と言うか僕も冷気と雷で潰せばせっかく買った船も残せて万々歳だと思う。高いのに……などという嘆きは一旦ココで終わり。もうウジウジしているつもりはない。
叩かれた背中は熱く、前を見る勇気を与えてくれる。
「皆!!」
……仲間達が船の看板の上から僕を見つめている。
目を閉じて思い浮かべるのは幾つもの失敗の数々だ。想いを背負いすぎ、愛するモンスターを殺され、PKに襲われ、真紅の女にしてやられた!
「もう、敗北の味は知り尽くした!」
そうだそうだと、もうたくさんだと、にこやかな野次が仲間達やたくさんの準備を手伝ってくれた人達から上がる。
「今こそ反撃のときだ! 僕達のクラン名は──」
握り締めた拳を大仰な動作で振り上げれば、皆の表情がより楽しげなものに変わった。
僕はこのゲームを世界として捉えると言った。だがそれは罪を全て受け入れるということではない。ただ、この世界を本気で楽しむということだったはずだ。
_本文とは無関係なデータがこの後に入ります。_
(* Let $\mathcal{U}\subset\mathbb{R}^n\times\mathbb{R}^p$ be open, $\mathcal{D}\subset\mathcal{U}$ nonempty, $\Gamma:\mathcal{D}\times\mathbb{R}^m\rightrightarrows\mathbb{R}^q$ with $\Gamma(\xi,\cdot)$ positively homogeneous for all $\xi\in\mathcal{D}$, and $\mathcal{A}:\mathcal{U}\to\mathbb{R}^{q\times m}$. Suppose that $\Gamma$ is polyhedral. Then $\Gamma$ is outer semicontinuous, and for every $\bar\xi\in\mathcal{D}$, with $H:=\Gamma(\bar\xi,\cdot)$, $\mathcal{Z}:=\mathrm{bd}\,\mathbb{B}\cap\mathrm{dom}\,H$ and $\mathcal{Z}_0:=\{z\in\mathcal{Z}\mid 0\in\mathcal{A}(\bar\xi)z+H(z)\}$, the following hold: the set $\mathcal{A}(\bar\xi)\,\mathrm{dom}\,H$ is closed; and there exists $c\ge0$ such that for every $z\in\mathcal{Z}_0$ there are $\varepsilon,\delta>0$ with \[\Gamma(\xi,z')\cap\delta\mathbb{B}\subset\Gamma(\bar\xi,z')+c\|\xi-\bar\xi\|\mathbb{B}\quad\text{whenever }(\xi,z')\in(\mathcal{D}\times\mathrm{bd}\,\mathbb{B})\cap((\bar\xi,z)+\varepsilon\mathbb{B}).\]
   Context: $\mathbb{B}$ is the closed unit ball and $\mathrm{bd}$ the boundary. A set-valued map $H$ is positively homogeneous if $H(\gamma z)=\gamma H(z)$ for all $\gamma>0$. $\Gamma$ is polyhedral if its graph $\{(\xi,z,\eta)\mid\eta\in\Gamma(\xi,z)\}$ is a finite union of convex polyhedra. $\Gamma$ is outer semicontinuous if $\limsup_{(\xi',z')\to(\xi,z)}\Gamma(\xi',z')\subset\Gamma(\xi,z)$ (Painlevé–Kuratowski) for all $(\xi,z)\in\mathcal{D}\times\mathbb{R}^m$. *)

theory Defs
  imports "HOL-Analysis.Analysis"
begin

definition graph_sv :: "'x set \<Rightarrow> ('x \<Rightarrow> 'z \<Rightarrow> 'w set) \<Rightarrow> ('x \<times> 'z \<times> 'w) set" where
  "graph_sv D \<Gamma> = {(\<xi>, z, \<eta>). \<xi> \<in> D \<and> \<eta> \<in> \<Gamma> \<xi> z}"

definition polyhedral_sv :: "('x::euclidean_space) set \<Rightarrow> ('x \<Rightarrow> ('z::euclidean_space) \<Rightarrow> ('w::euclidean_space) set) \<Rightarrow> bool" where
  "polyhedral_sv D \<Gamma> \<longleftrightarrow> (\<exists>F. finite F \<and> (\<forall>P\<in>F. polyhedron P) \<and> graph_sv D \<Gamma> = \<Union>F)"

definition dom_sv :: "('z \<Rightarrow> 'w set) \<Rightarrow> 'z set" where
  "dom_sv H = {z. H z \<noteq> {}}"

definition outer_semicontinuous_sv :: "('x::metric_space) set \<Rightarrow> ('x \<Rightarrow> ('z::metric_space) \<Rightarrow> ('w::metric_space) set) \<Rightarrow> bool" where
  "outer_semicontinuous_sv D \<Gamma> \<longleftrightarrow>
     (\<forall>\<xi>\<in>D. \<forall>z \<eta>. (\<exists>xs zs ys. (\<forall>k. xs k \<in> D \<and> ys k \<in> \<Gamma> (xs k) (zs k)) \<and>
          xs \<longlonglongrightarrow> \<xi> \<and> zs \<longlonglongrightarrow> z \<and> ys \<longlonglongrightarrow> \<eta>) \<longrightarrow> \<eta> \<in> \<Gamma> \<xi> z)"

end

theory Submission
  imports Defs
begin

text \<open>
  A polyhedral graph is a finite union of closed convex sets, which gives outer semicontinuity
  at once. Closedness of \<open>A(\<xi>) dom H\<close> reduces to closedness of linear images of polyhedra:
  if the minimal-norm preimages of a bounded set of images escaped to infinity along a direction
  \<open>u\<close>, then \<open>u\<close> would be a recession direction of the polyhedron in the kernel of the map, and
  subtracting it would shorten a minimal preimage.

  For the local estimate, the constant \<open>c = 0\<close> works. The projections of the finitely many pieces of the graph are closed, so
  every piece whose projection meets a \<open>\<xi>\<close> close to \<open>\<xi>b\<close> also meets \<open>\<xi>b\<close>. If
  \<open>\<eta> \<in> \<Gamma>(\<xi>, z)\<close>, homogeneity puts the whole ray \<open>t(\<xi>, z, \<eta>)\<close> into the graph, so one piece
  contains infinitely many of its points and has \<open>(0, z, \<eta>)\<close> as a recession direction. Moving
  from a point of that piece above \<open>\<xi>b\<close> along this direction, rescaling by homogeneity and
  passing to the limit gives \<open>\<eta> \<in> \<Gamma>(\<xi>b, z)\<close>.
\<close>

lemma closed_if_closed_Int_cball:
  fixes S :: "'a::real_normed_vector set"
  assumes "\<And>R. closed (S \<inter> cball 0 R)"
  shows "closed S"
  unfolding closed_sequential_limits
proof (intro allI impI, elim conjE)
  fix x l assume x: "\<forall>n. x n \<in> S" and l: "x \<longlonglongrightarrow> l"
  obtain R where "\<forall>n. norm (x n) \<le> R"
    using convergent_imp_bounded[OF l] by (auto simp: bounded_iff)
  then have "\<forall>n. x n \<in> S \<inter> cball 0 R"
    using x by simp
  then show "l \<in> S"
    using assms closed_sequentially l by blast
qed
最近の僕は楽しんでいたか?……まぁクリオネちゃんに食われたりとかで割と楽しんでたけど……まだ、まだ足りない!!! もっと強欲であって良いのだ!
だから、本気で!! 心から!!
「──“リミッティングファクター”! 誰よりも深い所まで潜る船の名だ!」
キリキリ舞いさんや臥竜点睛さんを始めとしたメンバーが雄叫びを上げ、リベリオスが抜いた剣が幻想的に冷気を降らせる。
ゆっくりと突き上げた拳を握り締めたままにおろし、一歩一歩にたくさんの想いを込めて船に掛けられた橋を超えて、僕は仲間達が待つ船へと乗り込んだ。
「さぁ、出港だ!!!!!」
“愛する人へ”という銘を贈られた船が汽笛を鳴らし、波を掻き分けて動き出す。
船に慣れている者達が帆や舵輪を操り、誰もが水平線の先にいるであろう敵を睨みつけて気を引き締め直した。
港では十人以上もの手伝ってくれた人々が手を降って僕等の無事を祈ってくれている。
風が強く吹き、船が大きく揺れて、冷気はどこかへと飛ばされていった。